text \<open>Only occurrences that wrap around one of the two junctions are miscounted.\<close>

lemma cyclic_count_append: "\<bar>cyclic_count (u @ v) s - cyclic_count u s - cyclic_count v s\<bar> \<le> 2 * real (length s)"
proof -
  let ?k = "length s"
  define G where "G t = (if cyclic_window (u @ v) ?k t = s then 1 else (0::real))" for t
  have "cyclic_count (u @ v) s = (\<Sum>t<length u. G t) + (\<Sum>t<length v. G (length u + t))"
    unfolding cyclic_count_def G_def by (simp add: sum_lessThan_add)
  moreover have "\<bar>(\<Sum>t<length u. G t) - cyclic_count u s\<bar> \<le> real ?k"
    unfolding cyclic_count_def G_def
    by (rule abs_sum_diff_le_if_eq_on_prefix) (auto simp: cyclic_window_append_left)
  moreover have "\<bar>(\<Sum>t<length v. G (length u + t)) - cyclic_count v s\<bar> \<le> real ?k"
    unfolding cyclic_count_def G_def
    by (rule abs_sum_diff_le_if_eq_on_prefix) (auto simp: cyclic_window_append_right)
  ultimately show ?thesis by linarith
qed

section \<open>Circulations on de Bruijn graphs\<close>

text \<open>A nonnegative circulation on the de Bruijn graph whose vertices are the strings of
  length \<open>k - 1\<close> and whose edges are the strings of length \<open>k\<close>.\<close>

definition de_bruijn_circulation :: "nat \<Rightarrow> nat \<Rightarrow> (nat list \<Rightarrow> real) \<Rightarrow> bool" where
  "de_bruijn_circulation b k p \<longleftrightarrow> (\<forall>s\<in>strings b k. 0 \<le> p s) \<and>
     (\<forall>s\<in>strings b (k - 1). (\<Sum>c<b. p (c # s)) = (\<Sum>c<b. p (s @ [c])))"

lemma Delta_imp_de_bruijn_circulation: "p \<in> Delta b k \<Longrightarrow> de_bruijn_circulation b k p"
  by (simp add: Delta_def de_bruijn_circulation_def)

lemma de_bruijn_circulation_cyclic_count:
  assumes "w \<noteq> []" and "set w \<subseteq> {..<b}"
  shows "de_bruijn_circulation b k (cyclic_count w)"
  using sum_cyclic_count_Cons[OF assms] sum_cyclic_count_snoc[OF assms]
  by (simp add: de_bruijn_circulation_def cyclic_count_nonneg)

********

WHAT YOU ARE ASKED TO DO:
Write all the records out again. Nothing may differ from the original.

SOLUTION TO THIS PROBLEM:
text \<open>Only occurrences that wrap around one of the two junctions are miscounted.\<close>

lemma cyclic_count_append: "\<bar>cyclic_count (u @ v) s - cyclic_count u s - cyclic_count v s\<bar> \<le> 2 * real (length s)"
proof -
  let ?k = "length s"
  define G where "G t = (if cyclic_window (u @ v) ?k t = s then 1 else (0::real))" for t
  have "cyclic_count (u @ v) s = (\<Sum>t<length u. G t) + (\<Sum>t<length v. G (length u + t))"
    unfolding cyclic_count_def G_def by (simp add: sum_lessThan_add)
  moreover have "\<bar>(\<Sum>t<length u. G t) - cyclic_count u s\<bar> \<le> real ?k"
    unfolding cyclic_count_def G_def
    by (rule abs_sum_diff_le_if_eq_on_prefix) (auto simp: cyclic_window_append_left)
  moreover have "\<bar>(\<Sum>t<length v. G (length u + t)) - cyclic_count v s\<bar> \<le> real ?k"
    unfolding cyclic_count_def G_def
    by (rule abs_sum_diff_le_if_eq_on_prefix) (auto simp: cyclic_window_append_right)
  ultimately show ?thesis by linarith
qed

section \<open>Circulations on de Bruijn graphs\<close>

text \<open>A nonnegative circulation on the de Bruijn graph whose vertices are the strings of
  length \<open>k - 1\<close> and whose edges are the strings of length \<open>k\<close>.\<close>

definition de_bruijn_circulation :: "nat \<Rightarrow> nat \<Rightarrow> (nat list \<Rightarrow> real) \<Rightarrow> bool" where
  "de_bruijn_circulation b k p \<longleftrightarrow> (\<forall>s\<in>strings b k. 0 \<le> p s) \<and>
     (\<forall>s\<in>strings b (k - 1). (\<Sum>c<b. p (c # s)) = (\<Sum>c<b. p (s @ [c])))"

lemma Delta_imp_de_bruijn_circulation: "p \<in> Delta b k \<Longrightarrow> de_bruijn_circulation b k p"
  by (simp add: Delta_def de_bruijn_circulation_def)

lemma de_bruijn_circulation_cyclic_count:
  assumes "w \<noteq> []" and "set w \<subseteq> {..<b}"
  shows "de_bruijn_circulation b k (cyclic_count w)"
  using sum_cyclic_count_Cons[OF assms] sum_cyclic_count_snoc[OF assms]
  by (simp add: de_bruijn_circulation_def cyclic_count_nonneg)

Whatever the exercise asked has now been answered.